R: Perform a spatial count-by-key operation based on two Sedona...

sedona_spatial_join_count_by_key {apache.sedona}

R Documentation

Perform a spatial count-by-key operation based on two Sedona spatial RDDs.

Description

For each element p from spatial_rdd, count the number of unique elements q from query_window_rdd such that (p, q) satisfies the spatial relation specified by join_type.

Usage

sedona_spatial_join_count_by_key(
  spatial_rdd,
  query_window_rdd,
  join_type = c("contain", "intersect"),
  partitioner = c("quadtree", "kdbtree"),
  index_type = c("quadtree", "rtree")
)

Arguments

`spatial_rdd`	Spatial RDD containing geometries to be queried.
`query_window_rdd`	Spatial RDD containing the query window(s).
`join_type`	Type of the join query (must be either "contain" or "intersect"). If `join_type` is "contain", then a geometry from `spatial_rdd` will match a geometry from the `query_window_rdd` if and only if the former is fully contained in the latter. If `join_type` is "intersect", then a geometry from `spatial_rdd` will match a geometry from the `query_window_rdd` if and only if the former intersects the latter.
`partitioner`	Spatial partitioning to apply to both `spatial_rdd` and `query_window_rdd` to facilitate the join query. Can be either a grid type (currently "quadtree" and "kdbtree" are supported) or a custom spatial partitioner object. If `partitioner` is NULL, then assume the same spatial partitioner has been applied to both `spatial_rdd` and `query_window_rdd` already and skip the partitioning step.
`index_type`	Controls how `spatial_rdd` and `query_window_rdd` will be indexed (unless they are indexed already). If "NONE", then no index will be constructed and matching geometries will be identified in a doubly nested- loop iterating through all possible pairs of elements from `spatial_rdd` and `query_window_rdd`, which will be inefficient for large data sets.

Value

A spatial RDD containing the join-count-by-key results.

Examples

library(sparklyr)
library(apache.sedona)

sc <- spark_connect(master = "spark://HOST:PORT")

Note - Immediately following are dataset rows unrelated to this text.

(* Suppose $d\ge2$, $D\ge101$ and $T\ge45(d-1)^2D$. Then for any algorithm $\mathfrak A$ there exists an MDP $M_\theta$ of the family below (with $\delta=1/D$) such that $L_\theta\le100/99$, $L_\varphi\le1+\log(D-1)$, and $\mathbb E[\mathrm{Regret}(M_\theta,\mathfrak A,x_0,T)]\ge\frac1{2025}d\sqrt{DT}$, where the expectation is over the randomness of $M_\theta$ and $\mathfrak A$.
   Context: Family $M_\theta$: two states $x_0,x_1$; actions $\mathcal A=\{-1,1\}^{d-1}$; rewards $r(x_0,a)=0$, $r(x_1,a)=1$. Parameters: $\delta=1/D$, $\Delta=(d-1)/(45\sqrt{(2/5)(T/\delta)\log2})$, $\bar\Delta=\log\frac{(1-\delta)(\delta+\Delta)}{\delta(1-\delta-\Delta)}$, $\alpha=\sqrt{\bar\Delta/((d-1)(1+\bar\Delta))}$, $\beta=\sqrt{1/(1+\bar\Delta)}$. Features: $\varphi(x_0,a,x_0)=(-\alpha a,\beta\log(\delta^{-1}-1))$, $\varphi(x_0,a,x_1)=\varphi(x_1,a,x_0)=(0,0)$, $\varphi(x_1,a,x_1)=(0,\beta\log(\delta^{-1}-1))$ in $\mathbb R^{d-1}\times\mathbb R$. For $\theta\in\{-\bar\Delta/(d-1),\bar\Delta/(d-1)\}^{d-1}$ the transition core is $\bar\theta=(\theta/\alpha,1/\beta)$ and $p(x_j\mid x_i,a)=\exp(\varphi(x_i,a,x_j)^\top\bar\theta)/\sum_{j'\in\{0,1\}}\exp(\varphi(x_i,a,x_{j'})^\top\bar\theta)$; thus $p(x_1\mid x_0,a)=1/(1+(\delta^{-1}-1)e^{-a^\top\theta})$ and $p(x_0\mid x_1,a)=\delta$. $L_\theta=\|\bar\theta\|_2$, $L_\varphi=\max\|\varphi\|_2$. With $s_1=x_0$ and $J^*(M_\theta)$ the optimal average reward, $\mathrm{Regret}(M_\theta,\mathfrak A,x_0,T)=TJ^*(M_\theta)-\sum_{t=1}^Tr(s_t,a_t)$. *)

theory Defs
  imports "HOL-Probability.Probability"
begin

text \<open>States: x0 is encoded as 0, x1 as 1. Actions: lists of length d-1 with entries in {-1,1}.
  Vectors of R^(d-1) x R are lists of length d (last entry = the extra coordinate).\<close>

type_synonym action = "real list"
type_synonym hist = "(nat \<times> action) list"
type_synonym algorithm = "hist \<Rightarrow> nat \<Rightarrow> action pmf"

definition actions :: "nat \<Rightarrow> action set" where
  "actions d = {a. length a = d - 1 \<and> set a \<subseteq> {-1, 1}}"

definition states :: "nat set" where "states = {0, 1}"

definition reward :: "nat \<Rightarrow> action \<Rightarrow> real" where
  "reward s a = (if s = 1 then 1 else 0)"

definition ip :: "real list \<Rightarrow> real list \<Rightarrow> real" where
  "ip u v = sum_list (map2 (*) u v)"

definition vnorm :: "real list \<Rightarrow> real" where
  "vnorm v = sqrt (sum_list (map (\<lambda>x. x ^ 2) v))"

definition delta :: "real \<Rightarrow> real" where "delta D = 1 / D"

definition Delta :: "nat \<Rightarrow> real \<Rightarrow> nat \<Rightarrow> real" where
  "Delta d D T = real (d - 1) / (45 * sqrt ((2/5) * (real T / delta D) * ln 2))"

definition Deltabar :: "nat \<Rightarrow> real \<Rightarrow> nat \<Rightarrow> real" where
  "Deltabar d D T = ln (((1 - delta D) * (delta D + Delta d D T)) /
                        (delta D * (1 - delta D - Delta d D T)))"

definition alpha :: "nat \<Rightarrow> real \<Rightarrow> nat \<Rightarrow> real" where
  "alpha d D T = sqrt (Deltabar d D T / (real (d - 1) * (1 + Deltabar d D T)))"

definition beta :: "nat \<Rightarrow> real \<Rightarrow> nat \<Rightarrow> real" where
  "beta d D T = sqrt (1 / (1 + Deltabar d D T))"

definition phi :: "nat \<Rightarrow> real \<Rightarrow> nat \<Rightarrow> nat \<Rightarrow> action \<Rightarrow> nat \<Rightarrow> real list" where
  "phi d D T s a s' =
     (if s = 0 \<and> s' = 0 then map (\<lambda>x. - alpha d D T * x) a @ [beta d D T * ln (1 / delta D - 1)]
      else if s = 1 \<and> s' = 1 then replicate (d - 1) 0 @ [beta d D T * ln (1 / delta D - 1)]
      else replicate (d - 1) 0 @ [0])"

definition Thetas :: "nat \<Rightarrow> real \<Rightarrow> nat \<Rightarrow> real list set" where
  "Thetas d D T = {\<theta>. length \<theta> = d - 1 \<and>
      set \<theta> \<subseteq> {- Deltabar d D T / real (d - 1), Deltabar d D T / real (d - 1)}}"

definition thetabar :: "nat \<Rightarrow> real \<Rightarrow> nat \<Rightarrow> real list \<Rightarrow> real list" where
  "thetabar d D T \<theta> = map (\<lambda>x. x / alpha d D T) \<theta> @ [1 / beta d D T]"

definition L_theta :: "nat \<Rightarrow> real \<Rightarrow> nat \<Rightarrow> real list \<Rightarrow> real" where
  "L_theta d D T \<theta> = vnorm (thetabar d D T \<theta>)"

definition L_phi :: "nat \<Rightarrow> real \<Rightarrow> nat \<Rightarrow> real" where
  "L_phi d D T = Max {vnorm (phi d D T s a s') | s a s'.
                        s \<in> states \<and> a \<in> actions d \<and> s' \<in> states}"

definition p1 :: "nat \<Rightarrow> real \<Rightarrow> nat \<Rightarrow> real list \<Rightarrow> nat \<Rightarrow> action \<Rightarrow> real" where
  "p1 d D T \<theta> s a =
     exp (ip (phi d D T s a 1) (thetabar d D T \<theta>)) /
     (exp (ip (phi d D T s a 0) (thetabar d D T \<theta>)) + exp (ip (phi d D T s a 1) (thetabar d D T \<theta>)))"

definition trans :: "nat \<Rightarrow> real \<Rightarrow> nat \<Rightarrow> real list \<Rightarrow> nat \<Rightarrow> action \<Rightarrow> nat pmf" where
  "trans d D T \<theta> s a = map_pmf (\<lambda>b. if b then 1 else 0) (bernoulli_pmf (p1 d D T \<theta> s a))"

text \<open>Distribution of (history of (s_t,a_t) for t=1..n, s_{n+1}) when running algorithm A
  in the MDP with transition kernel P, starting at s_1 = x0.\<close>
fun traj :: "(nat \<Rightarrow> action \<Rightarrow> nat pmf) \<Rightarrow> algorithm \<Rightarrow> nat \<Rightarrow> (hist \<times> nat) pmf" where
  "traj P A 0 = return_pmf ([], 0)"
| "traj P A (Suc t) = bind_pmf (traj P A t) (\<lambda>(h, s).
      bind_pmf (A h s) (\<lambda>a. bind_pmf (P s a) (\<lambda>s'. return_pmf (h @ [(s, a)], s'))))"

definition total_reward :: "hist \<Rightarrow> real" where
  "total_reward h = sum_list (map (\<lambda>(s, a). reward s a) h)"

definition expected_total_reward :: "(nat \<Rightarrow> action \<Rightarrow> nat pmf) \<Rightarrow> algorithm \<Rightarrow> nat \<Rightarrow> real" where
  "expected_total_reward P A n = measure_pmf.expectation (traj P A n) (\<lambda>(h, s). total_reward h)"

definition valid_alg :: "nat \<Rightarrow> algorithm \<Rightarrow> bool" where
  "valid_alg d A \<longleftrightarrow> (\<forall>h s. set_pmf (A h s) \<subseteq> actions d)"

definition Jstar :: "nat \<Rightarrow> (nat \<Rightarrow> action \<Rightarrow> nat pmf) \<Rightarrow> real" where
  "Jstar d P = real_of_ereal (SUP \<pi>\<in>{\<pi>. valid_alg d \<pi>}.
      limsup (\<lambda>n. ereal (expected_total_reward P \<pi> n / real n)))"

definition expected_regret :: "nat \<Rightarrow> (nat \<Rightarrow> action \<Rightarrow> nat pmf) \<Rightarrow> algorithm \<Rightarrow> nat \<Rightarrow> real" where
  "expected_regret d P A T = real T * Jstar d P - expected_total_reward P A T"

end

theory Submission
  imports Defs
begin

text \<open>The hard instances are indexed by sign vectors \<open>\<sigma> \<in> {-1, 1}\<^sup>d\<^sup>-\<^sup>1\<close>, with \<open>\<theta> = \<epsilon> \<sigma>\<close>.
  From \<open>x\<^sub>0\<close> the chain moves to \<open>x\<^sub>1\<close> with probability \<open>logistic (\<epsilon> \<langle>a, \<sigma>\<rangle>)\<close>, which is largest
  for \<open>a = \<sigma>\<close>; each coordinate in which the action disagrees with \<open>\<sigma>\<close> lowers it by at least
  \<open>2 \<kappa> \<epsilon>\<close>. A potential argument with the bias \<open>g\<close> of the optimal policy turns this into
  regret \<open>\<ge> 2 g \<kappa> \<epsilon> \<Sum>\<^sub>i E[N\<^sub>i]\<close>, where \<open>N\<^sub>i\<close> counts the visits to \<open>x\<^sub>0\<close> whose action has a
  wrong \<open>i\<close>-th sign. Flipping \<open>\<sigma>\<^sub>i\<close> changes each transition by chi-square divergence at
  most \<open>\<chi>\<^sup>2\<close>, so \<open>E[N\<^sub>i]\<close> moves by at most \<open>T \<tau>\<close> with \<open>\<tau> = \<surd>((1 + \<chi>\<^sup>2)\<^sup>T - 1)\<close>; as the counts
  for \<open>\<sigma>\<close> and for its flip add up to the visits to \<open>x\<^sub>0\<close>, at least \<open>T \<pi>\<^sub>0\<close> in expectation, the pair
  sums to at least \<open>T (\<pi>\<^sub>0 - \<tau>)\<close>. Averaging over all \<open>\<sigma>\<close> yields an instance with
  \<open>\<Sum>\<^sub>i E[N\<^sub>i] \<ge> (d - 1) T (\<pi>\<^sub>0 - \<tau>) / 2\<close>, and the choice of \<open>\<Delta>\<close> makes the resulting bound
  of order \<open>d \<surd>(D T)\<close>.\<close>

section \<open>Expectations over finitely supported distributions\<close>

lemma expectation_bind_pmf_finite:
  fixes h :: "'b \<Rightarrow> real"
  assumes "finite (set_pmf p)" "\<And>x. x \<in> set_pmf p \<Longrightarrow> finite (set_pmf (f x))"
  shows "measure_pmf.expectation (bind_pmf p f) h =
         measure_pmf.expectation p (\<lambda>x. measure_pmf.expectation (f x) h)"
proof -
  have "measure_pmf.expectation (bind_pmf p f) h =
      (\<Sum>x\<in>set_pmf p. pmf p x *\<^sub>R measure_pmf.expectation (f x) h)"
    using assms by (intro pmf_expectation_bind) auto
  also have "\<dots> = measure_pmf.expectation p (\<lambda>x. measure_pmf.expectation (f x) h)"
    using assms by (subst integral_measure_pmf[of "set_pmf p"]) auto
  finally show ?thesis .
qed

lemma expectation_mono_finite_pmf:
  fixes f g :: "'a \<Rightarrow> real"
  assumes "finite (set_pmf M)" "\<And>x. x \<in> set_pmf M \<Longrightarrow> f x \<le> g x"
  shows "measure_pmf.expectation M f \<le> measure_pmf.expectation M g"
  using assms
  by (intro integral_mono_AE) (auto simp: integrable_measure_pmf_finite AE_measure_pmf_iff)

lemma expectation_const_pmf [simp]: "measure_pmf.expectation M (\<lambda>x. c :: real) = c"
  by (simp add: measure_pmf.prob_space)

lemma expectation_abs_le_sqrt_second_moment:
  fixes f :: "'a \<Rightarrow> real"
  assumes "finite (set_pmf M)"
  shows "measure_pmf.expectation M (\<lambda>x. \<bar>f x\<bar>) \<le> sqrt (measure_pmf.expectation M (\<lambda>x. (f x)\<^sup>2))"
proof -
  have "(measure_pmf.expectation M (\<lambda>x. \<bar>f x\<bar>))\<^sup>2 \<le> measure_pmf.expectation M (\<lambda>x. (f x)\<^sup>2)"
    using measure_pmf.variance_positive[of M "\<lambda>x. \<bar>f x\<bar>"]
    by (subst (asm) measure_pmf.variance_eq) (simp_all add: integrable_measure_pmf_finite[OF assms])
  then show ?thesis
    using real_le_rsqrt by (simp add: integral_nonneg_AE)
qed

lemma expectation_reweight_deviation:
  fixes f L :: "'a \<Rightarrow> real"
  assumes fin: "finite (set_pmf M)" and mean_L: "measure_pmf.expectation M L = 1"
    and bounded: "\<And>x. x \<in> set_pmf M \<Longrightarrow> \<bar>f x\<bar> \<le> B"
  shows "\<bar>measure_pmf.expectation M (\<lambda>x. f x * L x) - measure_pmf.expectation M f\<bar>
           \<le> B * sqrt (measure_pmf.expectation M (\<lambda>x. (L x)\<^sup>2) - 1)"
proof -
  note int = integrable_measure_pmf_finite[OF fin]
  obtain x0 where "x0 \<in> set_pmf M"
    using set_pmf_not_empty[of M] by blast
  then have B_nonneg: "0 \<le> B"
    using bounded by force
  have "\<bar>measure_pmf.expectation M (\<lambda>x. f x * L x) - measure_pmf.expectation M f\<bar>
      = \<bar>measure_pmf.expectation M (\<lambda>x. f x * (L x - 1))\<bar>"
    by (simp add: int algebra_simps)
  also have "\<dots> \<le> measure_pmf.expectation M (\<lambda>x. \<bar>f x\<bar> * \<bar>L x - 1\<bar>)"
    using integral_abs_bound[of M "\<lambda>x. f x * (L x - 1)"] by (simp only: abs_mult)
  also have "\<dots> \<le> measure_pmf.expectation M (\<lambda>x. B * \<bar>L x - 1\<bar>)"
    using fin bounded by (intro expectation_mono_finite_pmf mult_right_mono) auto
  also have "\<dots> \<le> B * sqrt (measure_pmf.expectation M (\<lambda>x. (L x - 1)\<^sup>2))"
    using expectation_abs_le_sqrt_second_moment[OF fin] B_nonneg by (simp add: mult_left_mono)
  also have "measure_pmf.expectation M (\<lambda>x. (L x - 1)\<^sup>2) = measure_pmf.expectation M (\<lambda>x. (L x)\<^sup>2) - 1"
    using mean_L by (simp add: power2_diff int measure_pmf.prob_space)
  finally show ?thesis .
qed

section \<open>Trajectories of an algorithm\<close>

lemma finite_set_pmf_traj:
  assumes "\<And>h s. finite (set_pmf (A h s))" "\<And>s a. finite (set_pmf (P s a))"
  shows "finite (set_pmf (traj P A n))"
  by (induction n) (auto simp: assms)

lemma expectation_traj_Suc:
  fixes F :: "hist \<times> nat \<Rightarrow> real"
  assumes fin_A: "\<And>h s. finite (set_pmf (A h s))" and fin_P: "\<And>s a. finite (set_pmf (P s a))"
  shows "measure_pmf.expectation (traj P A (Suc n)) F =
    measure_pmf.expectation (traj P A n) (\<lambda>(h, s). measure_pmf.expectation (A h s)
       (\<lambda>a. measure_pmf.expectation (P s a) (\<lambda>s'. F (h @ [(s, a)], s'))))"
proof -
  have "measure_pmf.expectation (A h s \<bind> (\<lambda>a. P s a \<bind> (\<lambda>s'. return_pmf (h @ [(s, a)], s')))) F
      = measure_pmf.expectation (A h s)
          (\<lambda>a. measure_pmf.expectation (P s a) (\<lambda>s'. F (h @ [(s, a)], s')))" for h s
    by (simp add: expectation_bind_pmf_finite assms)
  then show ?thesis
    by (simp add: expectation_bind_pmf_finite finite_set_pmf_traj assms case_prod_unfold)
qed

if (!inherits(sc, "test_connection")) {
  input_location <- "/dev/null" # replace it with the path to your input file
  rdd <- sedona_read_dsv_to_typed_rdd(
    sc,
    location = input_location,
    delimiter = ",",
    type = "point",
    first_spatial_col_index = 1L
  )
  query_rdd_input_location <- "/dev/null" # replace it with the path to your input file
  query_rdd <- sedona_read_shapefile_to_typed_rdd(
    sc,
    location = query_rdd_input_location,
    type = "polygon"
  )
  join_result_rdd <- sedona_spatial_join_count_by_key(
    rdd,
    query_rdd,
    join_type = "intersect",
    partitioner = "quadtree"
  )
}